The lines from the start of the records through the one containing "by (rule smooth_on_differentiable[OF" are to be restated word for word; please include both ends.

INFORMATION SUPPLIED:
※

lemma Ad_repr_differentiable: "(\<lambda>k. Ad_repr k v) differentiable (at (c \<one>))"
proof -
  have one: "\<one> \<otimes> \<one> \<in> U" using one_in_chart by (simp add: group_simps)
  note domain = mult_repr_domain[OF one_in_chart one_in_chart one]
  have inv_one: "inv_repr (c \<one>) = c \<one>" using inv_repr_apply[OF one_in_chart] by (simp add: group_simps)
  have "inv_repr differentiable (at (c \<one>))"
    by (rule smooth_on_differentiable[OF inv_repr_smooth]) (use one_in_chart in \<open>auto simp: group_simps\<close>)
  then have "(\<lambda>k. (k, inv_repr k)) differentiable (at (c \<one>))"
    by (intro differentiable_Pair) auto
  moreover have "(\<lambda>k. (frechet_derivative mult_repr (at (k, c \<one>)) (0, v), 0)) differentiable (at (c \<one>))"
    using differentiable_chain_at[of "\<lambda>k. (k, c \<one>)" "c \<one>",
        OF _ smooth_on_differentiable_derivative[OF mult_repr_smooth domain]]
    by (intro differentiable_Pair) (auto simp: o_def)
  moreover have "\<forall>\<^sub>F z in nhds (c \<one>, inv_repr (c \<one>)). mult_repr differentiable (at z)"
    using smooth_on_imp_open[OF mult_repr_smooth] domain smooth_on_differentiable[OF mult_repr_smooth]
    unfolding eventually_nhds inv_one by blast
  moreover have "(\<lambda>z. frechet_derivative mult_repr (at z) w) differentiable (at (c \<one>, inv_repr (c \<one>)))" for w
    unfolding inv_one by (rule smooth_on_differentiable_derivative[OF mult_repr_smooth domain])
  ultimately show ?thesis
    unfolding Ad_repr_def by (rule differentiable_frechet_derivative_along)
qed
(* Let $0<\epsilon\le 1$ and $k\in[K]$. Suppose $\tau_j\ge 0$ independent samples of $(Y,V,pa(V))$ are drawn under arm $j$ for each $j\in[K]$, with $\sum_j\tau_j=\tau$ and $Z_k=\sum_{j\in[K]}\tau_j/M_{kj}>0$. Index all samples by $s\in\{1,\dots,\tau\}$, let $\mathcal{T}_j$ be the indices of samples from arm $j$, and for $s\in\mathcal{T}_j$ let $r_{kj}(s)=\mathrm{P}_k(V_j(s)\mid pa(V)_j(s))/\mathrm{P}_j(V_j(s)\mid pa(V)_j(s))$. Define $$\hat Y_k^{\epsilon}=\frac{1}{Z_k}\sum_{j\in[K]}\sum_{s\in\mathcal{T}_j}\frac{1}{M_{kj}}\,Y_j(s)\,r_{kj}(s)\,\mathbf{1}\big\{r_{kj}(s)\le 2\log(2/\epsilon)M_{kj}\big\}.$$ Then for every $\delta>0$, $$\mathbb{P}\Big(\mu_k-\delta-\tfrac{\epsilon}{2}\le \hat Y_k^{\epsilon}\le \mu_k+\delta\Big)\ge 1-2\exp\Big(-\frac{\delta^2\tau}{8(\log(2/\epsilon))^2}\Big(\frac{Z_k}{\tau}\Big)^2\Big).$$
   Context: Setting: $\mathcal{G}$ is a causal directed acyclic graph viewed as a Bayesian network. $V$ is a node with parent set $pa(V)$; $V$ and $pa(V)$ take values in finite sets. $Y$ is a node downstream of $V$ with values in $[0,1]$. There are $K$ arms indexed by $[K]=\{0,\dots,K-1\}$: under arm $k$ the conditional law of $V$ given $pa(V)$ is a known conditional distribution $\mathrm{P}_k(V\mid pa(V))$ while all other conditionals (hence the marginal law of $pa(V)$) are unchanged; these conditionals are mutually absolutely continuous. $\mathbb{P}_k,\mathbb{E}_k$ denote probability/expectation under arm $k$, $\mu_k=\mathbb{E}_k[Y]$. A sample from arm $j$ is drawn from the joint law under arm $j$. Logarithms are natural. $D_f(\mathrm{P}_i\Vert\mathrm{P}_j)=\mathbb{E}_j\big[f\big(\mathrm{P}_i(V\mid pa(V))/\mathrm{P}_j(V\mid pa(V))\big)\big]$; $f_1(x)=x\exp(x-1)-1$; $M_{kj}=1+\log(1+D_{f_1}(\mathrm{P}_k\Vert\mathrm{P}_j))$. *)

theory Defs
  imports "HOL-Probability.Probability"
begin

text \<open>Finite value sets of V and pa(V) are finite types 'v and 'p.
  q is the (arm-independent) marginal law of pa(V); Pc j p is the conditional law
  of V given pa(V)=p under arm j; L p v is the (arm-independent) conditional law of Y
  given (V,pa(V)) = (v,p). \<close>

definition joint :: "'p pmf \<Rightarrow> ('p \<Rightarrow> 'v pmf) \<Rightarrow> ('p \<Rightarrow> 'v \<Rightarrow> real measure)
    \<Rightarrow> (real \<times> 'v \<times> 'p) measure" where
  "joint q Pj L = bind (measure_pmf q) (\<lambda>p. bind (measure_pmf (Pj p)) (\<lambda>v.
      distr (L p v) (borel \<Otimes>\<^sub>M (count_space UNIV \<Otimes>\<^sub>M count_space UNIV)) (\<lambda>y. (y, v, p))))"

definition ratio :: "(nat \<Rightarrow> 'p \<Rightarrow> 'v pmf) \<Rightarrow> nat \<Rightarrow> nat \<Rightarrow> 'p \<Rightarrow> 'v \<Rightarrow> real" where
  "ratio Pc k j p v = pmf (Pc k p) v / pmf (Pc j p) v"

definition f1 :: "real \<Rightarrow> real" where
  "f1 x = x * exp (x - 1) - 1"

definition Df1 :: "'p pmf \<Rightarrow> (nat \<Rightarrow> 'p \<Rightarrow> 'v pmf) \<Rightarrow> ('p \<Rightarrow> 'v \<Rightarrow> real measure)
    \<Rightarrow> nat \<Rightarrow> nat \<Rightarrow> real" where
  "Df1 q Pc L k j = (\<integral>x. f1 (ratio Pc k j (snd (snd x)) (fst (snd x))) \<partial>(joint q (Pc j) L))"

definition Mkj :: "'p pmf \<Rightarrow> (nat \<Rightarrow> 'p \<Rightarrow> 'v pmf) \<Rightarrow> ('p \<Rightarrow> 'v \<Rightarrow> real measure)
    \<Rightarrow> nat \<Rightarrow> nat \<Rightarrow> real" where
  "Mkj q Pc L k j = 1 + ln (1 + Df1 q Pc L k j)"

definition mu :: "'p pmf \<Rightarrow> (nat \<Rightarrow> 'p \<Rightarrow> 'v pmf) \<Rightarrow> ('p \<Rightarrow> 'v \<Rightarrow> real measure)
    \<Rightarrow> nat \<Rightarrow> real" where
  "mu q Pc L k = (\<integral>x. fst x \<partial>(joint q (Pc k) L))"

definition sample_space :: "'p pmf \<Rightarrow> (nat \<Rightarrow> 'p \<Rightarrow> 'v pmf) \<Rightarrow> ('p \<Rightarrow> 'v \<Rightarrow> real measure)
    \<Rightarrow> (nat \<Rightarrow> nat) \<Rightarrow> nat \<Rightarrow> (nat \<Rightarrow> real \<times> 'v \<times> 'p) measure" where
  "sample_space q Pc L arm tau = (\<Pi>\<^sub>M s\<in>{1..tau}. joint q (Pc (arm s)) L)"

definition Tset :: "(nat \<Rightarrow> nat) \<Rightarrow> nat \<Rightarrow> nat \<Rightarrow> nat set" where
  "Tset arm tau j = {s \<in> {1..tau}. arm s = j}"

definition Zk :: "'p pmf \<Rightarrow> (nat \<Rightarrow> 'p \<Rightarrow> 'v pmf) \<Rightarrow> ('p \<Rightarrow> 'v \<Rightarrow> real measure)
    \<Rightarrow> nat \<Rightarrow> (nat \<Rightarrow> nat) \<Rightarrow> nat \<Rightarrow> nat \<Rightarrow> real" where
  "Zk q Pc L K arm tau k = (\<Sum>j<K. real (card (Tset arm tau j)) / Mkj q Pc L k j)"

definition Yhat :: "'p pmf \<Rightarrow> (nat \<Rightarrow> 'p \<Rightarrow> 'v pmf) \<Rightarrow> ('p \<Rightarrow> 'v \<Rightarrow> real measure)
    \<Rightarrow> nat \<Rightarrow> (nat \<Rightarrow> nat) \<Rightarrow> nat \<Rightarrow> real \<Rightarrow> nat \<Rightarrow> (nat \<Rightarrow> real \<times> 'v \<times> 'p) \<Rightarrow> real" where
  "Yhat q Pc L K arm tau \<epsilon> k \<omega> =
     (1 / Zk q Pc L K arm tau k) *
     (\<Sum>j<K. \<Sum>s\<in>Tset arm tau j.
        let r = ratio Pc k j (snd (snd (\<omega> s))) (fst (snd (\<omega> s)))
        in (1 / Mkj q Pc L k j) * fst (\<omega> s) * r *
           (if r \<le> 2 * ln (2 / \<epsilon>) * Mkj q Pc L k j then 1 else 0))"

end

theory Submission
  imports Defs
begin

text \<open>
  Sample \<open>s\<close> drawn from arm \<open>j\<close> contributes the term \<open>Y r 1{r \<le> c} / (Z\<^sub>k M\<^sub>k\<^sub>j)\<close>, where
  \<open>r\<close> is the importance ratio and \<open>c = 2 log(2/\<epsilon>) M\<^sub>k\<^sub>j\<close>. These terms are independent and lie
  in \<open>[0, 2 log(2/\<epsilon>) / Z\<^sub>k]\<close>, so Hoeffding's inequality concentrates the estimator around its
  mean. As the weights \<open>1/(Z\<^sub>k M\<^sub>k\<^sub>j)\<close> sum to one, the mean averages the clipped means
  \<open>E\<^sub>j[Y r 1{r \<le> c}] = E\<^sub>k[Y 1{r \<le> c}]\<close>; each is at most \<open>\<mu>\<^sub>k\<close> and falls short of it by at
  most the tail mass \<open>w = E\<^sub>j[r 1{r > c}]\<close>. The analytic core is \<open>w \<le> \<epsilon>/2\<close>: with
  \<open>S = E\<^sub>j[r e^(r-1)] = 1 + D\<^sub>f\<^sub>1\<close>, so that \<open>M\<^sub>k\<^sub>j = 1 + log S\<close>, the tangent lines of the convex
  function \<open>x e^(x-1)\<close> give \<open>S \<ge> w (2/\<epsilon>)\<^sup>2/e \<cdot> S^(2 log(2/\<epsilon>)) + (1 - w) e^(-w)\<close>,
  which is impossible for \<open>w > \<epsilon>/2\<close>.
\<close>

section \<open>Inequalities for \<open>x e^(x-1)\<close>\<close>

lemma tangent_le_mult_exp:
  fixes x x0 :: real
  assumes "0 \<le> x"
  shows "exp (x0 - 1) * ((1 + x0) * x - x0\<^sup>2) \<le> x * exp (x - 1)"
proof -
  have "exp (x0 - 1) * (1 + (x - x0)) \<le> exp (x0 - 1) * exp (x - x0)"
    by (intro mult_left_mono exp_ge_add_one_self) simp
  also have "\<dots> = exp (x - 1)"
    by (simp flip: exp_add)
  finally have "x * (exp (x0 - 1) * (1 + (x - x0))) \<le> x * exp (x - 1)"
    using assms by (intro mult_left_mono)
  moreover have "(1 + x0) * x - x0\<^sup>2 \<le> x * (1 + (x - x0))"
    using zero_le_power2[of "x - x0"] by (simp add: power2_eq_square algebra_simps)
  then have "exp (x0 - 1) * ((1 + x0) * x - x0\<^sup>2) \<le> x * (exp (x0 - 1) * (1 + (x - x0)))"
    by (simp add: mult.left_commute)
  ultimately show ?thesis
    by linarith
qed
lemma greedy_ord_coef_antimono:
  assumes "finite S" "strict_greedy_set (\<lambda>k. coef e k x) S" "Suc j < card S"
  shows "\<bar>coef e (greedy_ord e x (Suc j)) x\<bar> \<le> \<bar>coef e (greedy_ord e x j) x\<bar>"
proof -
  have inj: "inj_on (greedy_ord e x) {..<Suc (Suc j)}" and sub: "greedy_ord e x ` {..<j} \<subseteq> S"
    using greedy_ord_inj_on_subset[OF assms(1,2), of "Suc (Suc j)"] assms(3) by auto
  have "inj_on (greedy_ord e x) {..<j}" using inj by (rule inj_on_subset) auto
  hence "card (greedy_ord e x ` {..<j}) < card S" using assms(3) by (simp add: card_image)
  moreover have "greedy_ord e x (Suc j) \<notin> greedy_ord e x ` {..<j}"
  proof
    assume "greedy_ord e x (Suc j) \<in> greedy_ord e x ` {..<j}"
    then obtain i where "i < j" "greedy_ord e x (Suc j) = greedy_ord e x i" by auto
    thus False using inj_onD[OF inj, of "Suc j" i] by simp
  qed
  ultimately show ?thesis using greedy_ord_step(2)[OF assms(1,2) refl sub] by blast
qed

lemma greedy_sum_strict_greedy_set:
  assumes "finite S" "strict_greedy_set (\<lambda>k. coef e k x) S"
  shows "greedy_sum e (card S) x = (\<Sum>n\<in>S. coef e n x *\<^sub>R e n)"
  unfolding greedy_sum_def using sum.reindex_bij_betw[OF bij_betw_greedy_ord[OF assms]]
  by (simp add: lessThan_atLeast0)

section \<open>The quasi-greedy constants\<close>

lemma greedy_list_cmult: "0 < t \<Longrightarrow> greedy_list (\<lambda>k. t * c k) i = greedy_list c i"
  by (induction i) (simp_all add: abs_mult)

lemma greedy_ord_scaleR:
  assumes "basic_sequence e" "y \<in> cspan e" "0 < t"
  shows "greedy_ord e (t *\<^sub>R y) = greedy_ord e y"
  using greedy_list_cmult[OF assms(3)] by (simp add: greedy_ord_def coef_scaleR[OF assms(1,2)] fun_eq_iff)

lemma greedy_sum_scaleR:
  assumes "basic_sequence e" "y \<in> cspan e" "0 < t"
  shows "greedy_sum e m (t *\<^sub>R y) = t *\<^sub>R greedy_sum e m y"
  by (simp add: greedy_sum_def greedy_ord_scaleR[OF assms] coef_scaleR[OF assms(1,2)] scaleR_sum_right)

lemma greedy_max_scaleR:
  assumes "basic_sequence e" "y \<in> cspan e" "0 < t" "1 \<le> m"
  shows "greedy_max e m (t *\<^sub>R y) = t *\<^sub>R greedy_max e m y"
proof -
  have "greedy_max e m (t *\<^sub>R y) = Sup_fin ((*\<^sub>R) t ` (\<lambda>n. labs (greedy_sum e n y)) ` {1..m})"
    using assms(3) by (simp add: greedy_max_def greedy_sum_scaleR[OF assms(1-3)] labs_scaleR image_image)
  also have "\<dots> = t *\<^sub>R greedy_max e m y"
    unfolding greedy_max_def using assms(3,4) scaleR_sup[of t]
    by (intro Sup_fin.hom_commute[symmetric]) auto
  finally show ?thesis .
qed

lemma labs_greedy_sum_le_greedy_max:
  assumes "j \<le> m" "1 \<le> m"
  shows "labs (greedy_sum e j y) \<le> greedy_max e m y"
proof (cases "j = 0")
  case True
  have "labs (greedy_sum e 1 y) \<le> greedy_max e m y"
    unfolding greedy_max_def using assms(2) by (intro Sup_fin.coboundedI) auto
  thus ?thesis using True labs_nonneg[of "greedy_sum e 1 y"] by (simp add: greedy_sum_def labs_zero)
next
  case False
  thus ?thesis unfolding greedy_max_def using assms(1) by (intro Sup_fin.coboundedI) auto
qed

lemma norm_le_Sup_unit_sphere_mult_norm:
  fixes F :: "nat \<Rightarrow> 'a::real_normed_vector \<Rightarrow> 'b::real_normed_vector" and e :: "nat \<Rightarrow> 'a"
  defines "B \<equiv> {norm (F m x) | m x. 1 \<le> m \<and> x \<in> cspan e \<and> norm x = 1}"
  assumes bdd: "bdd_above B"
    and hom: "\<And>m x t. 1 \<le> m \<Longrightarrow> x \<in> cspan e \<Longrightarrow> 0 < t \<Longrightarrow> F m (t *\<^sub>R x) = t *\<^sub>R F m x"
    and m: "1 \<le> m" and y: "y \<in> cspan e"
  shows "norm (F m y) \<le> Sup B * norm y"
proof (cases "y = 0")
  case True
  have "F m y = 2 *\<^sub>R F m y" using hom[OF m y, of 2] True by simp
  hence "F m y = 0" by (simp add: scaleR_2)
  thus ?thesis using True by simp
next
  case False
  let ?u = "(1 / norm y) *\<^sub>R y"
  have u: "?u \<in> cspan e" "norm ?u = 1" using cspan_scaleR[OF y] False by auto
  have "F m y = norm y *\<^sub>R F m ?u" using hom[OF m u(1), of "norm y"] False by simp
  hence "norm (F m y) = norm y * norm (F m ?u)" by simp
  also have "\<dots> \<le> norm y * Sup B"
  proof (intro mult_left_mono cSup_upper[OF _ bdd])
    show "norm (F m ?u) \<in> B" unfolding B_def using m u by blast
  qed simp
  finally show ?thesis by (simp add: mult.commute)
qed

lemma norm_greedy_sum_le_norm_greedy_max: "1 \<le> m \<Longrightarrow> norm (greedy_sum e m y) \<le> norm (greedy_max e m y)"
  by (intro norm_le_norm_of_labs_le labs_greedy_sum_le_greedy_max) auto

lemma norm_greedy_max_le:
  assumes "basic_sequence e" "uniformly_quasi_greedy e" "y \<in> cspan e" "1 \<le> m"
  shows "norm (greedy_max e m y) \<le> C_uqg e * norm y"
  unfolding C_uqg_def
proof (rule norm_le_Sup_unit_sphere_mult_norm[OF _ _ assms(4,3)])
  show "bdd_above {norm (greedy_max e m x) | m x. 1 \<le> m \<and> x \<in> cspan e \<and> norm x = 1}"
    using assms(2) by (simp add: uniformly_quasi_greedy_def)
qed (rule greedy_max_scaleR[OF assms(1)])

※

ANSWER SECTION:
lemma Ad_repr_differentiable: "(\<lambda>k. Ad_repr k v) differentiable (at (c \<one>))"
proof -
  have one: "\<one> \<otimes> \<one> \<in> U" using one_in_chart by (simp add: group_simps)
  note domain = mult_repr_domain[OF one_in_chart one_in_chart one]
  have inv_one: "inv_repr (c \<one>) = c \<one>" using inv_repr_apply[OF one_in_chart] by (simp add: group_simps)
  have "inv_repr differentiable (at (c \<one>))"
    by (rule smooth_on_differentiable[OF inv_repr_smooth]) (use one_in_chart in \<open>auto simp: group_simps\<close>)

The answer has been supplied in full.